ABOUT THIS TASK >> Filter the entries and keep only the lines where the string "grid" appears.

RECORDS PROVIDED >>
_ _ _

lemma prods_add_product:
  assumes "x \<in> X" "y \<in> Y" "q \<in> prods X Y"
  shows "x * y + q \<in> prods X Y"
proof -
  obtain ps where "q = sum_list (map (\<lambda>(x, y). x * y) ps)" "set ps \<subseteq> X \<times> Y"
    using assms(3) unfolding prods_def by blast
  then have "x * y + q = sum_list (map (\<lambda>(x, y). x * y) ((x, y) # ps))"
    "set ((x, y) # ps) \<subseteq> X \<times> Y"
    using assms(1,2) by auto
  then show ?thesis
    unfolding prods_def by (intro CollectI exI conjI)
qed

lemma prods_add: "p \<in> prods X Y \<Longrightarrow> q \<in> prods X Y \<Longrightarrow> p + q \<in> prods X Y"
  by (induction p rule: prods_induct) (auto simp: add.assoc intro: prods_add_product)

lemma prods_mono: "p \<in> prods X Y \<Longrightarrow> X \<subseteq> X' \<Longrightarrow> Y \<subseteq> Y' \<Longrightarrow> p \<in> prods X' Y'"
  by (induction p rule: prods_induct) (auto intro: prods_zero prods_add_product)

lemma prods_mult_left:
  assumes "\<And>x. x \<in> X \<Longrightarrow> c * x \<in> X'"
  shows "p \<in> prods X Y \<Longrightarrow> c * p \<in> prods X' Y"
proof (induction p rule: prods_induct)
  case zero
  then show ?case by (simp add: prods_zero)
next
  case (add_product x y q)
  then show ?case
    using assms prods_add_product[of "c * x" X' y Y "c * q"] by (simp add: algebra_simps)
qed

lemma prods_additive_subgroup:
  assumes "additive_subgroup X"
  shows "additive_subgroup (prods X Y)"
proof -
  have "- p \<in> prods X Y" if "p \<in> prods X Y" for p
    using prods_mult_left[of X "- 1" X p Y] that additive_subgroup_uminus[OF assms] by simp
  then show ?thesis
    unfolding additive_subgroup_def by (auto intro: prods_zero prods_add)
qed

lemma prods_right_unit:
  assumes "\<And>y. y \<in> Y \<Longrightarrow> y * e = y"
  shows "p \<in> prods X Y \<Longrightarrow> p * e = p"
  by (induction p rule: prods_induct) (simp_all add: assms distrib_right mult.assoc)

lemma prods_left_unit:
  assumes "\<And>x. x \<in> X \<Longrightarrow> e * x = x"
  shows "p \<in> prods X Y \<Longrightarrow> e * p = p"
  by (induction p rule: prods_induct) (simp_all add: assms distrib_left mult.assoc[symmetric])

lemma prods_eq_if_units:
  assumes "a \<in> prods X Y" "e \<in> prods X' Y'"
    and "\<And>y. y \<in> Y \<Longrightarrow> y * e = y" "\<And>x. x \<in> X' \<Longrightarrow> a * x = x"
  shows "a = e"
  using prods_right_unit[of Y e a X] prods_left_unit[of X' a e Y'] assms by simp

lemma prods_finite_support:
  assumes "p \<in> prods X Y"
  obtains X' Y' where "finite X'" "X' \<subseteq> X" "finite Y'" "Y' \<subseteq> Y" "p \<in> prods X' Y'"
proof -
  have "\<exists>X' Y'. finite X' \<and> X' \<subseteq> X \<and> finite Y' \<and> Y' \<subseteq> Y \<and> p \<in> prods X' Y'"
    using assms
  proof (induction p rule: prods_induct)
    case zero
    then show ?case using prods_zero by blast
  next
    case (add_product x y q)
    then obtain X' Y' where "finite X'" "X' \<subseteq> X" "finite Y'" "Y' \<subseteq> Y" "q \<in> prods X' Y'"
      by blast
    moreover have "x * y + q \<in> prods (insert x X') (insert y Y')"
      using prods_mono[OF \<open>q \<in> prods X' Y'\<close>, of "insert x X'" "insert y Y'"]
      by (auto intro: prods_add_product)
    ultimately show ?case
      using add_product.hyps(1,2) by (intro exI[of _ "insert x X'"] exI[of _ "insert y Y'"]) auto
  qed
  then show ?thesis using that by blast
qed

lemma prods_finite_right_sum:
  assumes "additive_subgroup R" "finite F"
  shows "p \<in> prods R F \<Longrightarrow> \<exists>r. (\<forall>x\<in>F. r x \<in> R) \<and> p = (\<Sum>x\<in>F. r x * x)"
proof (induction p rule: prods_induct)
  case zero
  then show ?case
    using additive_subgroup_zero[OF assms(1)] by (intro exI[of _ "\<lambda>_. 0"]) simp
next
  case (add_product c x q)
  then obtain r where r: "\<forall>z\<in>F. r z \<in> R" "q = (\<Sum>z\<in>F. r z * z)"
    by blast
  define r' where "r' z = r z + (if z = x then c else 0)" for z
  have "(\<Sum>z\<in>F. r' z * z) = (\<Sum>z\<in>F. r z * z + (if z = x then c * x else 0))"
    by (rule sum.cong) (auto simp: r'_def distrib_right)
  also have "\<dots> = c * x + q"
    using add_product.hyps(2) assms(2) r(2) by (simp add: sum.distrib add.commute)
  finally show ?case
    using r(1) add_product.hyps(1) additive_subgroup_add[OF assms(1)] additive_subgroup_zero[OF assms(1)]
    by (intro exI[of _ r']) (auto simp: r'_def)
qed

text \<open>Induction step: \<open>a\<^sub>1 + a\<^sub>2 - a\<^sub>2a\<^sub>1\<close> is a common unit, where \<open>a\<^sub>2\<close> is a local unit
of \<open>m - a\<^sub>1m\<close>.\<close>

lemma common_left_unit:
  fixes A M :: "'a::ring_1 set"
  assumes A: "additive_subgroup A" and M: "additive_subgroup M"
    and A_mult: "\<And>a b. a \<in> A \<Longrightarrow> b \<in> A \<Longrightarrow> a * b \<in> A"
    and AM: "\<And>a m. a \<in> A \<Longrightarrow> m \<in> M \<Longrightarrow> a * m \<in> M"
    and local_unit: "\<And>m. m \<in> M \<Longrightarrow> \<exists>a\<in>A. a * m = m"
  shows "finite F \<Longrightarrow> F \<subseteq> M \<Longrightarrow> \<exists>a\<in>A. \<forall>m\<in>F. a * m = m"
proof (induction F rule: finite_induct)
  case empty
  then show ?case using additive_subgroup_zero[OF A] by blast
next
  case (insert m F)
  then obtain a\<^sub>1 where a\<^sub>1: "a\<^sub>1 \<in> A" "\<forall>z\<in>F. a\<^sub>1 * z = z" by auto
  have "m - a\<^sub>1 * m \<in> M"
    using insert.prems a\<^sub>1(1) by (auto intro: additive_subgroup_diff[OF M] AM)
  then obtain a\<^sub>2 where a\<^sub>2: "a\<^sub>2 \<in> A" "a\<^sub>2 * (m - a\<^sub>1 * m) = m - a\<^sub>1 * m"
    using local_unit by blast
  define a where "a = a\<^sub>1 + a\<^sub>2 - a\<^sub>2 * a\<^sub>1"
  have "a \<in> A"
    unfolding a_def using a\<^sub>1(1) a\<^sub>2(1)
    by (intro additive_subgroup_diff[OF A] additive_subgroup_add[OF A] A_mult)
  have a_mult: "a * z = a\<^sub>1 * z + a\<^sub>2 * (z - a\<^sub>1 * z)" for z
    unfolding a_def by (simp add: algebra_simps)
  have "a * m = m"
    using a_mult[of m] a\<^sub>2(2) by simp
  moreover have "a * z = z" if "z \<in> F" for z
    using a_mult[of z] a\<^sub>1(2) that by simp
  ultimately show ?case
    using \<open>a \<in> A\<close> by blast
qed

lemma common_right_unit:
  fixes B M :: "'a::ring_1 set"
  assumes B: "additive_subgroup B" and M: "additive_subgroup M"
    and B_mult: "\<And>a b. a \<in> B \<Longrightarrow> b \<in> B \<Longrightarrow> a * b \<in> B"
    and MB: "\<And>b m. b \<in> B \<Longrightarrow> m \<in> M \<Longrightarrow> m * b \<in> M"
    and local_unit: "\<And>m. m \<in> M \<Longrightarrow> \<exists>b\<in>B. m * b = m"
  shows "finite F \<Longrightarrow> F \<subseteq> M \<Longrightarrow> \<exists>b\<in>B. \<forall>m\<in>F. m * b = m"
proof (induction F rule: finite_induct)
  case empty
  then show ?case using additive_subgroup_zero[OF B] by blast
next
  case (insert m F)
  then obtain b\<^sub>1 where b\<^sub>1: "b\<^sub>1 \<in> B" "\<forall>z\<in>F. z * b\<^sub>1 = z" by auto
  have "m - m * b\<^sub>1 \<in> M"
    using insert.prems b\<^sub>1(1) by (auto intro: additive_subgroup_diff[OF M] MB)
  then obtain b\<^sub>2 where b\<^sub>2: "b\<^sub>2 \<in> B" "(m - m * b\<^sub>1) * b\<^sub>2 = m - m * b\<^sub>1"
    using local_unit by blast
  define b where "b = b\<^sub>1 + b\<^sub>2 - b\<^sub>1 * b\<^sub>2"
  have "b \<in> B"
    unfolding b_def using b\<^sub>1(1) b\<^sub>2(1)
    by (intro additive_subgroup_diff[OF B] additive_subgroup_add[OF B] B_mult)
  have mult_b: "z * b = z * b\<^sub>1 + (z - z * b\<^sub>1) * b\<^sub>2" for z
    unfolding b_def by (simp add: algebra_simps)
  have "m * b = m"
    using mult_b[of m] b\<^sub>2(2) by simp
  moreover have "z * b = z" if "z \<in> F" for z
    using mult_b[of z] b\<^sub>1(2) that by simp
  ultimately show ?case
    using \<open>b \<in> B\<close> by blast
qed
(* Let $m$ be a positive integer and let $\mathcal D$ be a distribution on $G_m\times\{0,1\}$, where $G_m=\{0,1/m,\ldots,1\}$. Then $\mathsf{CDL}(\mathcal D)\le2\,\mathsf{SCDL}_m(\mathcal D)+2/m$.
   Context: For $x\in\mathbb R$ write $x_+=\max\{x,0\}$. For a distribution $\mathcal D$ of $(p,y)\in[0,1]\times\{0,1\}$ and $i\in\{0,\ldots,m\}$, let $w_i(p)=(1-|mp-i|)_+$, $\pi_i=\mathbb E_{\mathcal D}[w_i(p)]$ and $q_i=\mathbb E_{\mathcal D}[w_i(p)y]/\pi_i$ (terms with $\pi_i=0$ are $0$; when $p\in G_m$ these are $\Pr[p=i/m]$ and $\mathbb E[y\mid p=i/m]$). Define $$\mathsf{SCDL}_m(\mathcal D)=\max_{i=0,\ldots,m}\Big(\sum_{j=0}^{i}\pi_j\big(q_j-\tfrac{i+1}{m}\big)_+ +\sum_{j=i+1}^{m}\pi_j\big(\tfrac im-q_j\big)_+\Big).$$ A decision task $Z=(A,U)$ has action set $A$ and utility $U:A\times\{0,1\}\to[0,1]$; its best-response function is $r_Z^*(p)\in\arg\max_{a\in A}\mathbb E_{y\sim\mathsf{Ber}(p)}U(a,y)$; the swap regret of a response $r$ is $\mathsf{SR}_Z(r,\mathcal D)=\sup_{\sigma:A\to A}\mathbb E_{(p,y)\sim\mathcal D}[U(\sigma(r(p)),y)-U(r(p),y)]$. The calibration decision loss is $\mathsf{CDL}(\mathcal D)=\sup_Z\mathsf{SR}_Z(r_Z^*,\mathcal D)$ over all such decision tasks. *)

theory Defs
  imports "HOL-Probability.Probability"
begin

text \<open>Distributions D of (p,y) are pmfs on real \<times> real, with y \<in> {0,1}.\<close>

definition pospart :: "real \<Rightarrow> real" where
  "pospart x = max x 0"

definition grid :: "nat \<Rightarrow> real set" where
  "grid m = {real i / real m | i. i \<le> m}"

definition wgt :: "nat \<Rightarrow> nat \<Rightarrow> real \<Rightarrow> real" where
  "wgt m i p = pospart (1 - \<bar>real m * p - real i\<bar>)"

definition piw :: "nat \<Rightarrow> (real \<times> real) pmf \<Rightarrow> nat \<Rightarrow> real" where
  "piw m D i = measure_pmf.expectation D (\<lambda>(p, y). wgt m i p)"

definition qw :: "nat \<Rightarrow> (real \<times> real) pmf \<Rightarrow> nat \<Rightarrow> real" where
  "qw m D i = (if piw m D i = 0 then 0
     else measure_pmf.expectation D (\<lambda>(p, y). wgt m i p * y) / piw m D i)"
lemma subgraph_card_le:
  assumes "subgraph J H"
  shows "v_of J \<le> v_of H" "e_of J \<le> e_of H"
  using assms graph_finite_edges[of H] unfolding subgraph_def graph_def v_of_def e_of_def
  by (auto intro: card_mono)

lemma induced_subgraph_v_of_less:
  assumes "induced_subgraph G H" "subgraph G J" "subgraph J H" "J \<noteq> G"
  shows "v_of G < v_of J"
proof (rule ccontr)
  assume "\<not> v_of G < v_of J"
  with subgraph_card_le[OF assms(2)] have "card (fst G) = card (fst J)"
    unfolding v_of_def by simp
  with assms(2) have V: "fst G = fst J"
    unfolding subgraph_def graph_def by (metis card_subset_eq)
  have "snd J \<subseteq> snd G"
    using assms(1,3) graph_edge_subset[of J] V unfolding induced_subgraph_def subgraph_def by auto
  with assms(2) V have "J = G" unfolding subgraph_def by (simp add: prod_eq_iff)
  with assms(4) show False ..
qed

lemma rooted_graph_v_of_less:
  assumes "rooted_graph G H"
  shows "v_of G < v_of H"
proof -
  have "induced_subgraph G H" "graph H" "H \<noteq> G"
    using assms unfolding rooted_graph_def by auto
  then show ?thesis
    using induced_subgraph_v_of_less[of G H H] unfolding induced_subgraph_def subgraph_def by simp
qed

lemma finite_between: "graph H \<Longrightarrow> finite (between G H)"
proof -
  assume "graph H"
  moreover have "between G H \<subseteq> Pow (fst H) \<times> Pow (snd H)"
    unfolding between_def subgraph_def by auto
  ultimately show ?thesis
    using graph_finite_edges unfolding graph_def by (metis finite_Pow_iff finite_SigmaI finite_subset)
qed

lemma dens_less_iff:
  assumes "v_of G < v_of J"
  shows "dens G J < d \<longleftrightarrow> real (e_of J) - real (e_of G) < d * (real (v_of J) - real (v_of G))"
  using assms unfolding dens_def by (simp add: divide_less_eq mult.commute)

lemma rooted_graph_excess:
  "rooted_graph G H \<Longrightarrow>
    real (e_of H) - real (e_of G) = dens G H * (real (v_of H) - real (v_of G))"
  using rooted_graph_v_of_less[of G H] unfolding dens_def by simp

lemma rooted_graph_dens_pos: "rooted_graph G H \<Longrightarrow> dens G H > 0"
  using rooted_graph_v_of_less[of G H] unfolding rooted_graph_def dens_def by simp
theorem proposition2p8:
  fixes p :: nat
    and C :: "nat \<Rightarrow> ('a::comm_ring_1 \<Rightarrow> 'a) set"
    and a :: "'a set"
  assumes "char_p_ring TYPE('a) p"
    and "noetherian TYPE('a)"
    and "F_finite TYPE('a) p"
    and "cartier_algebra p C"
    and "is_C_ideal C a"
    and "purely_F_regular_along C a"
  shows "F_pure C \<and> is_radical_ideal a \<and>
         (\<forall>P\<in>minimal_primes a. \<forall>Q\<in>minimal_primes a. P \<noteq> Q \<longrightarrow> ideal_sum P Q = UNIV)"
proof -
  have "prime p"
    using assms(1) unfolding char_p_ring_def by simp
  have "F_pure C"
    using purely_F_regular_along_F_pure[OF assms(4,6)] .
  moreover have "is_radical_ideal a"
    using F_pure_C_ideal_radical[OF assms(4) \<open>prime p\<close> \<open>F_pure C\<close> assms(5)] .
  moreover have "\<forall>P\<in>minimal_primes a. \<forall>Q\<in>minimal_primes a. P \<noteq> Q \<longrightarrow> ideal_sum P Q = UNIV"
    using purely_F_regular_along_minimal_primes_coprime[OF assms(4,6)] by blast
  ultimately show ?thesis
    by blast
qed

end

_ _ _

EXERCISE SOLUTION >>
definition grid :: "nat \<Rightarrow> real set" where
  "grid m = {real i / real m | i. i \<le> m}"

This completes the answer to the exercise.